** Opening Data in this exercise block **

(* Let $k$ be an uncountable algebraically closed field and let $C_1,C_2$ be noncentral conjugacy classes of $G=SL_2(k)$. There exists $(x_1,x_2)\in C_1\times C_2$ such that $\langle x_1,x_2\rangle$ is Zariski dense in $G$ if and only if it is not the case that both $C_1$ and $C_2$ are classes of involutions modulo the center (i.e. classes whose images in $G/Z(G)$ consist of elements of order $2$). *)

theory Defs
  imports "HOL-Analysis.Analysis" "HOL-Computational_Algebra.Polynomial"
    "HOL-Algebra.Generated_Groups"
begin

definition SL2 :: "('k::field ^2^2) monoid" where
  "SL2 = \<lparr>carrier = {A. det A = 1}, mult = (\<lambda>A B. A ** B), one = mat 1\<rparr>"

definition grp_center :: "('a, 'b) monoid_scheme \<Rightarrow> 'a set" where
  "grp_center G = {z \<in> carrier G. \<forall>g \<in> carrier G. z \<otimes>\<^bsub>G\<^esub> g = g \<otimes>\<^bsub>G\<^esub> z}"

definition conj_class :: "('a, 'b) monoid_scheme \<Rightarrow> 'a \<Rightarrow> 'a set" where
  "conj_class G x = {g \<otimes>\<^bsub>G\<^esub> x \<otimes>\<^bsub>G\<^esub> inv\<^bsub>G\<^esub> g | g. g \<in> carrier G}"

definition is_conj_class :: "('a, 'b) monoid_scheme \<Rightarrow> 'a set \<Rightarrow> bool" where
  "is_conj_class G C \<longleftrightarrow> (\<exists>x \<in> carrier G. C = conj_class G x)"

text \<open>A class of involutions modulo the center: every element has image of order 2
  in G/Z(G), i.e. it is not central but its square is central.\<close>
definition involution_mod_center_class :: "('a, 'b) monoid_scheme \<Rightarrow> 'a set \<Rightarrow> bool" where
  "involution_mod_center_class G C \<longleftrightarrow>
     (\<forall>x \<in> C. x \<notin> grp_center G \<and> x \<otimes>\<^bsub>G\<^esub> x \<in> grp_center G)"

inductive_set matrix_poly_fun :: "('k::comm_ring_1 ^2^2 \<Rightarrow> 'k) set" where
  const: "(\<lambda>A. c) \<in> matrix_poly_fun"
| coord: "(\<lambda>A. A $ i $ j) \<in> matrix_poly_fun"
| add: "p \<in> matrix_poly_fun \<Longrightarrow> q \<in> matrix_poly_fun \<Longrightarrow> (\<lambda>A. p A + q A) \<in> matrix_poly_fun"
| mult: "p \<in> matrix_poly_fun \<Longrightarrow> q \<in> matrix_poly_fun \<Longrightarrow> (\<lambda>A. p A * q A) \<in> matrix_poly_fun"

definition zariski_dense_SL2 :: "('k::field ^2^2) set \<Rightarrow> bool" where
  "zariski_dense_SL2 S \<longleftrightarrow>
     (\<forall>p \<in> matrix_poly_fun. (\<forall>x \<in> S. p x = 0) \<longrightarrow> (\<forall>x \<in> carrier SL2. p x = 0))"

end

theory Submission
  imports Defs "HOL-Library.Countable_Set"
begin

text \<open>A noncentral conjugacy class of \<open>SL\<^sub>2(k)\<close> is the set of all noncentral matrices of a given
  trace, and it consists of involutions modulo the center exactly when that trace is \<open>0\<close>.
  If \<open>x\<^sub>1, x\<^sub>2\<close> both have trace \<open>0\<close>, then \<open>x\<^sub>1\<^sup>2 = x\<^sub>2\<^sup>2 = -1\<close> and \<open>x\<^sub>1\<close> inverts \<open>y = x\<^sub>1 x\<^sub>2\<close> by
  conjugation, so \<open>\<langle>x\<^sub>1, x\<^sub>2\<rangle>\<close> lies in \<open>{\<alpha> + \<beta> y} \<union> {(\<alpha> + \<beta> y) x\<^sub>1}\<close>, on which the nonzero
  polynomial \<open>trace X \<cdot> [X, z]\<^sub>i\<^sub>j\<close> vanishes (\<open>z = y\<close>, or \<open>z = x\<^sub>1\<close> if \<open>y\<close> is scalar).
  Otherwise, since \<open>k\<close> is uncountable, there is an \<open>l\<close> that is not a root of unity and avoids
  finitely many bad values, and \<open>x\<^sub>1, x\<^sub>2\<close> in the given classes with \<open>x\<^sub>1 x\<^sub>2 = diag(l, 1/l)\<close> and
  all entries of \<open>x\<^sub>1\<close> nonzero. The Zariski closure of \<open>\<langle>x\<^sub>1, x\<^sub>2\<rangle>\<close> then contains the powers of
  \<open>diag(l, 1/l)\<close>, hence the whole diagonal torus \<open>T\<close>, hence \<open>T x\<^sub>1 T x\<^sub>1\<^sup>-\<^sup>1 T\<close>, which contains
  every matrix with nonzero entries; these are dense in \<open>SL\<^sub>2\<close>.\<close>

lemma finite_roots_of_unity:
  assumes "n > 0"
  shows "finite {z::'k::field. z ^ n = 1}"
proof -
  have "coeff (monom 1 n - 1 :: 'k poly) n = 1"
    using assms by simp
  then have "monom 1 n - 1 \<noteq> (0 :: 'k poly)"
    by (metis coeff_0 zero_neq_one)
  then have "finite {z. poly (monom 1 n - 1) z = (0::'k)}"
    by (rule poly_roots_finite)
  then show ?thesis
    by (simp add: poly_monom)
qed

lemma countable_roots_of_unity: "countable {z::'k::field. \<exists>n>0. z ^ n = 1}"
proof -
  have "{z::'k. \<exists>n>0. z ^ n = 1} = (\<Union>n\<in>{0<..}. {z. z ^ n = 1})"
    by auto
  also have "countable \<dots>"
    by (rule countable_UN) (auto intro: countable_finite finite_roots_of_unity)
  finally show ?thesis .
qed

definition mat2 :: "'a::zero \<Rightarrow> 'a \<Rightarrow> 'a \<Rightarrow> 'a \<Rightarrow> 'a^2^2" where
  "mat2 a b c d = (\<chi> i j. if i = 1 then (if j = 1 then a else b) else (if j = 1 then c else d))"

lemma two_neq_one [simp]: "(2::2) \<noteq> 1" "(1::2) \<noteq> 2"
  by auto

lemma mat2_nth [simp]:
  "mat2 a b c d $ 1 $ 1 = a" "mat2 a b c d $ 1 $ 2 = b"
  "mat2 a b c d $ 2 $ 1 = c" "mat2 a b c d $ 2 $ 2 = d"
  by (simp_all add: mat2_def)

lemma mat2_eta: "A = mat2 (A$1$1) (A$1$2) (A$2$1) (A$2$2)"
  unfolding mat2_def vec_eq_iff by (simp add: forall_2)

lemma mat2_cases: obtains a b c d where "A = mat2 a b c d"
  using mat2_eta by blast

lemma mat2_eq_iff: "mat2 a b c d = mat2 a' b' c' d' \<longleftrightarrow> a = a' \<and> b = b' \<and> c = c' \<and> d = d'"
  by (metis mat2_nth)

lemma mat2_mult [simp]:
  "mat2 a b c d ** mat2 e f g h = mat2 (a*e + b*g) (a*f + b*h) (c*e + d*g) (c*f + d*h)"
  by (subst mat2_eta) (simp add: matrix_matrix_mult_def sum_2)

lemma det_mat2 [simp]: "det (mat2 a b c d) = a*d - b*(c::'a::comm_ring_1)"
  by (simp add: det_2)

lemma mat_1_eq_mat2: "mat 1 = mat2 1 0 0 (1::'a::{zero,one})"
  by (subst mat2_eta) (simp add: mat_def)

definition adj2 :: "'a::comm_ring_1^2^2 \<Rightarrow> 'a^2^2" where
  "adj2 X = mat2 (X$2$2) (- X$1$2) (- X$2$1) (X$1$1)"

lemma adj2_mat2 [simp]: "adj2 (mat2 a b c d) = mat2 d (-b) (-c) a"
  by (simp add: adj2_def)

lemma det_adj2 [simp]: "det (adj2 X) = det X"
  by (cases X rule: mat2_cases) (simp add: algebra_simps)

lemma mult_adj2:
  assumes "det X = 1"
  shows "X ** adj2 X = mat 1" "adj2 X ** X = mat 1"
  using assms by (cases X rule: mat2_cases, simp add: mat_1_eq_mat2 mat2_eq_iff algebra_simps)+

lemma adj2_adj2 [simp]: "adj2 (adj2 X) = X"
  by (cases X rule: mat2_cases) simp

lemma adj2_mat_1 [simp]: "adj2 (mat 1) = (mat 1 :: 'a::comm_ring_1^2^2)"
  by (simp add: mat_1_eq_mat2)

lemma adj2_mult: "adj2 (X ** Y) = adj2 Y ** adj2 X"
  by (cases X rule: mat2_cases, cases Y rule: mat2_cases) (simp add: mat2_eq_iff algebra_simps)

definition trace2 :: "'a::comm_ring_1^2^2 \<Rightarrow> 'a" where
  "trace2 X = X$1$1 + X$2$2"

definition scalar2 :: "'a::zero^2^2 \<Rightarrow> bool" where
  "scalar2 X \<longleftrightarrow> X$1$2 = 0 \<and> X$2$1 = 0 \<and> X$1$1 = X$2$2"

lemma scalar2_commute: "scalar2 X \<Longrightarrow> X ** Y = Y ** (X::'a::comm_ring_1^2^2)"
  by (cases X rule: mat2_cases, cases Y rule: mat2_cases) (simp add: scalar2_def mat2_eq_iff mult.commute)

definition diag2 :: "'a::field \<Rightarrow> 'a^2^2" where
  "diag2 t = mat2 t 0 0 (inverse t)"

lemma det_diag2 [simp]: "t \<noteq> 0 \<Longrightarrow> det (diag2 t) = 1"
  by (simp add: diag2_def)

lemma diag2_mult: "diag2 s ** diag2 t = diag2 (s * t)"
  by (simp add: diag2_def mult.commute)

lemma diag2_1 [simp]: "diag2 1 = mat 1"
  by (simp add: diag2_def mat_1_eq_mat2)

** Closing Data in this exercise block **

### Task details
From the records above, quote only the lines running from the line with "in G/Z(G), i.e." to the line with "finitely many bad", both lines included.

### Answer section
  in G/Z(G), i.e. it is not central but its square is central.\<close>
definition involution_mod_center_class :: "('a, 'b) monoid_scheme \<Rightarrow> 'a set \<Rightarrow> bool" where
  "involution_mod_center_class G C \<longleftrightarrow>
     (\<forall>x \<in> C. x \<notin> grp_center G \<and> x \<otimes>\<^bsub>G\<^esub> x \<in> grp_center G)"

inductive_set matrix_poly_fun :: "('k::comm_ring_1 ^2^2 \<Rightarrow> 'k) set" where
  const: "(\<lambda>A. c) \<in> matrix_poly_fun"
| coord: "(\<lambda>A. A $ i $ j) \<in> matrix_poly_fun"
| add: "p \<in> matrix_poly_fun \<Longrightarrow> q \<in> matrix_poly_fun \<Longrightarrow> (\<lambda>A. p A + q A) \<in> matrix_poly_fun"
| mult: "p \<in> matrix_poly_fun \<Longrightarrow> q \<in> matrix_poly_fun \<Longrightarrow> (\<lambda>A. p A * q A) \<in> matrix_poly_fun"

definition zariski_dense_SL2 :: "('k::field ^2^2) set \<Rightarrow> bool" where
  "zariski_dense_SL2 S \<longleftrightarrow>
     (\<forall>p \<in> matrix_poly_fun. (\<forall>x \<in> S. p x = 0) \<longrightarrow> (\<forall>x \<in> carrier SL2. p x = 0))"

end

theory Submission
  imports Defs "HOL-Library.Countable_Set"
begin

text \<open>A noncentral conjugacy class of \<open>SL\<^sub>2(k)\<close> is the set of all noncentral matrices of a given
  trace, and it consists of involutions modulo the center exactly when that trace is \<open>0\<close>.
  If \<open>x\<^sub>1, x\<^sub>2\<close> both have trace \<open>0\<close>, then \<open>x\<^sub>1\<^sup>2 = x\<^sub>2\<^sup>2 = -1\<close> and \<open>x\<^sub>1\<close> inverts \<open>y = x\<^sub>1 x\<^sub>2\<close> by
  conjugation, so \<open>\<langle>x\<^sub>1, x\<^sub>2\<rangle>\<close> lies in \<open>{\<alpha> + \<beta> y} \<union> {(\<alpha> + \<beta> y) x\<^sub>1}\<close>, on which the nonzero
  polynomial \<open>trace X \<cdot> [X, z]\<^sub>i\<^sub>j\<close> vanishes (\<open>z = y\<close>, or \<open>z = x\<^sub>1\<close> if \<open>y\<close> is scalar).
  Otherwise, since \<open>k\<close> is uncountable, there is an \<open>l\<close> that is not a root of unity and avoids
  finitely many bad values, and \<open>x\<^sub>1, x\<^sub>2\<close> in the given classes with \<open>x\<^sub>1 x\<^sub>2 = diag(l, 1/l)\<close> and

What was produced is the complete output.